[32] Citing Sheehan , 938 N.E.2d at 689, the majority finds that "Franke Plating's delay in giving Cincinnati notice was unreasonable and that prejudice is, therefore, presumed here[,]" and holds that Franke Plating failed to designate sufficient evidence to rebut that presumption. Slip op. at 22, 23. I believe that Deveau's affidavit is sufficient to establish genuine issues of material fact regarding whether Cincinnati was prejudiced by Franke Plating's delay. Denying Franke Plating the coverage that it paid for in the absence of any prejudice to Cincinnati would result in a disproportionate forfeiture, and "forfeitures are generally disfavored by the law."
*269Gates v. Houston , 897 N.E.2d 532, 536 (Ind. Ct. App. 2008).

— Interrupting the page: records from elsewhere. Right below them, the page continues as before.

lemma hitting_time_partial_sum:
  "(\<Sum>t<Suc N. real t * hit_prob n E v t x) =
     (\<Sum>t<N. miss_within n E v t x) - real N * miss_within n E v N x"
proof (induction N)
  case 0
  then show ?case by simp
next
  case (Suc N)
  have "(\<Sum>t<Suc (Suc N). real t * hit_prob n E v t x) =
      (\<Sum>t<Suc N. real t * hit_prob n E v t x) + real (Suc N) * hit_prob n E v (Suc N) x"
    by (simp only: sum.lessThan_Suc)
  also have "\<dots> = (\<Sum>t<N. miss_within n E v t x) - real N * miss_within n E v N x
      + real (Suc N) * (miss_within n E v N x - miss_within n E v (Suc N) x)"
    by (simp only: Suc.IH hit_prob_Suc_eq_miss_within_diff)
  also have "\<dots> = (\<Sum>t<Suc N. miss_within n E v t x) - real (Suc N) * miss_within n E v (Suc N) x"
    by (simp add: algebra_simps)
  finally show ?case .
qed

lemma deg_pos_if_diam_le:
  assumes "diam_le n E k" "x < n" "v < n" "x \<noteq> v"
  shows "0 < deg n E x"
proof -
  have "x = v \<or> (\<exists>y<n. E x y)" if "within_dist n E j x v" for j
    using that by (induction j arbitrary: x) auto
  then obtain y where "y < n" "E x y"
    using assms unfolding diam_le_def by blast
  then have "y \<in> nbrs n E x"
    by (simp add: nbrs_def)
  then show ?thesis
    unfolding deg_def using finite_nbrs card_gt_0_iff by blast
qed

lemma max_miss_within_contracts:
  assumes "diam_le n E k" "v < n" "1 \<le> D" "\<forall>y<n. real (deg n E y) \<le> D"
  shows "max_miss_within n E v (t + k) \<le> (1 - 1 / D ^ k) * max_miss_within n E v t"
proof -
  have "0 < n" using assms(2) by simp
  obtain y where y: "y < n" "max_miss_within n E v (t + k) = miss_within n E v (t + k) y"
    using max_miss_within_attained[OF \<open>0 < n\<close>] by blast
  have "miss_within n E v k y \<le> 1 - 1 / D ^ k"
    using hit_within_ge[OF assms(3,4)] assms(1,2) y(1)
    by (simp add: miss_within_def diam_le_def)
  then have "max_miss_within n E v t * miss_within n E v k y
      \<le> max_miss_within n E v t * (1 - 1 / D ^ k)"
    using max_miss_within_bounds[OF \<open>0 < n\<close>] by (intro mult_left_mono) auto
  moreover have "max_miss_within n E v (t + k) \<le> max_miss_within n E v t * miss_within n E v k y"
    using miss_within_add_le[OF _ y(1)] deg_pos_if_diam_le[OF assms(1) _ assms(2)] y(2) by simp
  ultimately show ?thesis
    by (simp add: mult.commute)
qed

lemma hitting_time_partial_sum_le:
  assumes "diam_le n E k" "v < n" "x < n" "1 \<le> D" "\<forall>y<n. real (deg n E y) \<le> D"
  shows "(\<Sum>t<N. real t * hit_prob n E v t x) \<le> k * D ^ k"
proof (cases N)
  case 0
  then show ?thesis
    using one_le_power[OF assms(4), of k] by simp
next
  case (Suc m)
  have "(\<Sum>t<m. miss_within n E v t x) \<le> (\<Sum>t<m. max_miss_within n E v t)"
    by (intro sum_mono miss_within_le_max assms(3))
  also have "\<dots> \<le> k / (1 / D ^ k)"
    using assms max_miss_within_bounds[of n E v] one_le_power[OF assms(4), of k]
    by (intro sum_lessThan_le_of_contraction max_miss_within_contracts) auto
  finally have "(\<Sum>t<m. miss_within n E v t x) \<le> k * D ^ k"
    by simp
  moreover have "0 \<le> real m * miss_within n E v m x"
    using miss_within_bounds(1) by simp
  ultimately show ?thesis
    unfolding Suc using hitting_time_partial_sum[of n E v x m] by linarith
qed

lemma deg_le_card: "deg n E x \<le> n"
  unfolding deg_def nbrs_def using card_mono[of "{..<n}" "{u. u < n \<and> E x u}"] by auto

lemma summable_hitting_time:
  assumes "diam_le n E k" "v < n" "x < n"
  shows "summable (\<lambda>t. real t * hit_prob n E v t x)"
proof (rule summableI_nonneg_bounded)
  show "(\<Sum>t<N. real t * hit_prob n E v t x) \<le> k * real n ^ k" for N
    using hitting_time_partial_sum_le[OF assms, of "real n"] assms(3) deg_le_card by simp
qed (simp add: hit_prob_nonneg)

lemma hitting_time_nonneg:
  assumes "diam_le n E k" "v < n" "x < n"
  shows "0 \<le> hitting_time n E x v"
  unfolding hitting_time_def
  using summable_hitting_time[OF assms] by (intro suminf_nonneg) (simp_all add: hit_prob_nonneg)

lemma hitting_time_le:
  assumes "diam_le n E k" "v < n" "x < n" "1 \<le> D" "\<forall>y<n. real (deg n E y) \<le> D"
  shows "hitting_time n E x v \<le> k * D ^ k"
  unfolding hitting_time_def
  using suminf_le_const[OF summable_hitting_time[OF assms(1-3)]]
    hitting_time_partial_sum_le[OF assms] by blast

lemma powr_inverse_power:
  assumes "0 < k" "0 \<le> x"
  shows "(x powr (1 / real k)) ^ k = x"
  using assms by (simp add: powr_inverse_root)

lemma powr_inverse_mult_ln_le_density:
  assumes "0 < k" "0 < n" "ln n / real n powr ((real k - 1) / real k) \<le> p"
  shows "real n powr (1 / real k) * ln n \<le> p * n"
proof -
  have "1 / real k = 1 - (real k - 1) / real k"
    using assms(1) by (simp add: field_simps)
  then have "real n powr (1 / real k) = real n / real n powr ((real k - 1) / real k)"
    using assms(2) by (simp add: powr_diff)
  then show ?thesis
    using mult_right_mono[OF assms(3), of "real n"] by (simp add: mult.commute)
qed

lemma density_lower_bounds:
  assumes "0 < k" "3 \<le> n" "ln n / real n powr ((real k - 1) / real k) \<le> p"
  shows "1 \<le> p * n" "real n \<le> (p * n) ^ k"
proof -
  define r where "r = real n powr (1 / real k)"
  have "1 \<le> ln (real n)"
    using assms(2) exp_le by (subst ln_ge_iff) linarith+
  moreover have "1 \<le> r"
    unfolding r_def using assms(1,2) by (intro ge_one_powr_ge_zero) auto
  moreover have "r * ln n \<le> p * n"
    unfolding r_def using powr_inverse_mult_ln_le_density assms by simp
  ultimately have "r \<le> p * n"
    by (smt (verit) mult_le_cancel_left1)
  then show "1 \<le> p * n" "real n \<le> (p * n) ^ k"
    using \<open>1 \<le> r\<close> powr_inverse_power[OF assms(1), of "real n"] power_mono[of r "p * n" k]
    unfolding r_def by auto
qed

lemma mult_sqrt_le_of_sq_mult_le:
  fixes C L P :: real
  assumes "C\<^sup>2 * L \<le> P" "0 \<le> L" "0 \<le> P"
  shows "C * sqrt (P * L) \<le> P"
proof -
  have "C * sqrt (P * L) \<le> sqrt (C\<^sup>2 * L * P)"
    using assms(2,3) by (simp add: real_sqrt_mult mult_ac mult_right_mono)
  also have "\<dots> \<le> sqrt (P * P)"
    using assms by (intro real_sqrt_le_mono mult_right_mono) auto
  finally show ?thesis
    using assms(3) by simp
qed

lemma sqrt_deviation_le_density:
  assumes "0 < k" "3 \<le> n" "(C\<^sup>2) ^ k \<le> real n"
    and "ln n / real n powr ((real k - 1) / real k) \<le> p"
  shows "C * sqrt (p * n * ln n) \<le> p * n"
proof (rule mult_sqrt_le_of_sq_mult_le)
  have "C\<^sup>2 \<le> real n powr (1 / real k)"
    using assms(1,3) powr_inverse_power[OF assms(1), of "real n"]
    by (metis power_mono_iff of_nat_0_le_iff powr_ge_zero zero_le_power2)
  then have "C\<^sup>2 * ln n \<le> real n powr (1 / real k) * ln n"
    using assms(2) by (intro mult_right_mono) auto
  also have "\<dots> \<le> p * n"
    using powr_inverse_mult_ln_le_density[OF assms(1) _ assms(4)] assms(2) by simp
  finally show "C\<^sup>2 * ln n \<le> p * n" .
  show "0 \<le> ln (real n)" "0 \<le> p * n"
    using assms(2) density_lower_bounds[OF assms(1,2,4)] by auto
qed

theorem corollary4p3:
  fixes k :: nat and p :: "nat \<Rightarrow> real" and c C :: real and eps :: "nat \<Rightarrow> real"
  assumes "k \<ge> 2"
    and "c > 0"
    and "\<forall>\<^sub>F n in sequentially.
           ln n / real n powr ((real k - 1) / real k) \<le> p n
           \<and> p n \<le> 1 - c * (ln n)^4 / n"
    and "eps \<longlonglongrightarrow> 0"
  shows "\<exists>K. \<forall>\<^sub>F n in sequentially. \<forall>E v w.
           graph_class k n (p n) C (eps n) E \<longrightarrow> v < n \<longrightarrow> w < n \<longrightarrow> v \<noteq> w \<longrightarrow>
           \<bar>hitting_time n E w v - real n\<bar> \<le> K * (p n * real n) ^ k"
proof -
  have "0 < k"
    using assms(1) by simp
  have "\<forall>\<^sub>F n in sequentially. 3 \<le> n \<and> (C\<^sup>2) ^ k \<le> real n
          \<and> ln n / real n powr ((real k - 1) / real k) \<le> p n"
    using assms(3) eventually_ge_at_top[of 3]
      filterlim_real_sequentially[unfolded filterlim_at_top, rule_format, of "(C\<^sup>2) ^ k"]
    by eventually_elim auto
  then show ?thesis
  proof (intro exI[of _ "real k * 2 ^ k + 1"], eventually_elim, intro allI impI)
    fix n E v w
    assume n: "3 \<le> n \<and> (C\<^sup>2) ^ k \<le> real n \<and> ln n / real n powr ((real k - 1) / real k) \<le> p n"
      and G: "graph_class k n (p n) C (eps n) E" and "v < n" "w < n"
    define P where "P = p n * real n"
    have P: "1 \<le> P" "real n \<le> P ^ k"
      using density_lower_bounds[OF \<open>0 < k\<close>] n unfolding P_def by auto
    have diam: "diam_le n E k" and deg: "\<forall>x<n. real (deg n E x) \<le> 2 * P"
      using G sqrt_deviation_le_density[OF \<open>0 < k\<close>, of n C "p n"] n
      unfolding graph_class_def P_def by (auto simp: abs_le_iff)
    have "0 \<le> hitting_time n E w v" "hitting_time n E w v \<le> k * (2 * P) ^ k"
      using hitting_time_nonneg hitting_time_le[OF _ _ _ _ deg] diam \<open>v < n\<close> \<open>w < n\<close> P(1)
      by auto
    then show "\<bar>hitting_time n E w v - real n\<bar> \<le> (real k * 2 ^ k + 1) * (p n * real n) ^ k"
      using P(2) unfolding P_def[symmetric] by (simp add: power_mult_distrib abs_le_iff algebra_simps)
  qed
qed

end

[33] For its part, Cincinnati relies on Maplehurst Farms I , in which a divided panel of this Court stated that "where an insured enters into a settlement agreement without the insurer's consent in violation of a voluntary payment provision , that obligation cannot be recovered from the insurer, and prejudice is irrelevant." 953 N.E.2d at 1161 (emphasis added).16 This begs the question, unanswered by my colleagues, of whether Franke Plating entered into its settlement agreements in violation of the 1987 Policy's voluntary payment provision. Franke Plating argues that it did not, and I believe that it designated enough evidence to establish genuine questions of fact on this issue.17
[34] There is a fundamental difference between not being able to recover defense costs and forfeiting the indemnification rights pursuant to the policy. Upon remand, Cincinnati would still be permitted to argue prejudice sufficient to warrant forfeiture of their indemnification obligation, but I do not think that summary judgment on that issue is appropriate on this record. In sum, I would reverse the trial court's entry of summary judgment for Cincinnati, affirm its denial of summary judgment for Franke Plating, and remand for further proceedings.18
As did Judge May in her dissent, I disagree with the Maplehurst "majority's apparent premise that after [Dreaded v. St. Paul Guardian Insurance Co. ], reasonableness is no longer a permissible consideration in our analysis of late-notice disputes[,]" because "[s]uch a premise is inconsistent with the explicit language of [Miller v. Dilts ], and nothing in [Dreaded ] suggests reasonableness must, should, or can be disregarded." 953 N.E.2d at 1163 (May, J., dissenting).
The voluntary payment provision in Maplehurst Farms I reads, "No insureds will, except at their own cost, voluntarily make a payment, assume any obligation, or incur any expense, other than for first aid, without our consent. " 953 N.E.2d at 1156 (emphasis added). The italicized phrase is absent from the 1987 Policy in this case. I do not agree with Franke Plating that the absence of this phrase is dispositive of whether it violated the 1987 Policy's voluntary payment provision, but I do believe that it militates against a denial of coverage.
I believe that genuine issues of material fact exist regarding whether the "known loss" doctrine applies to the Wayne Reclamation claim, whether the Atlantic States claim involves "property damage," and whether Franke Plating is entitled to prejudgment interest.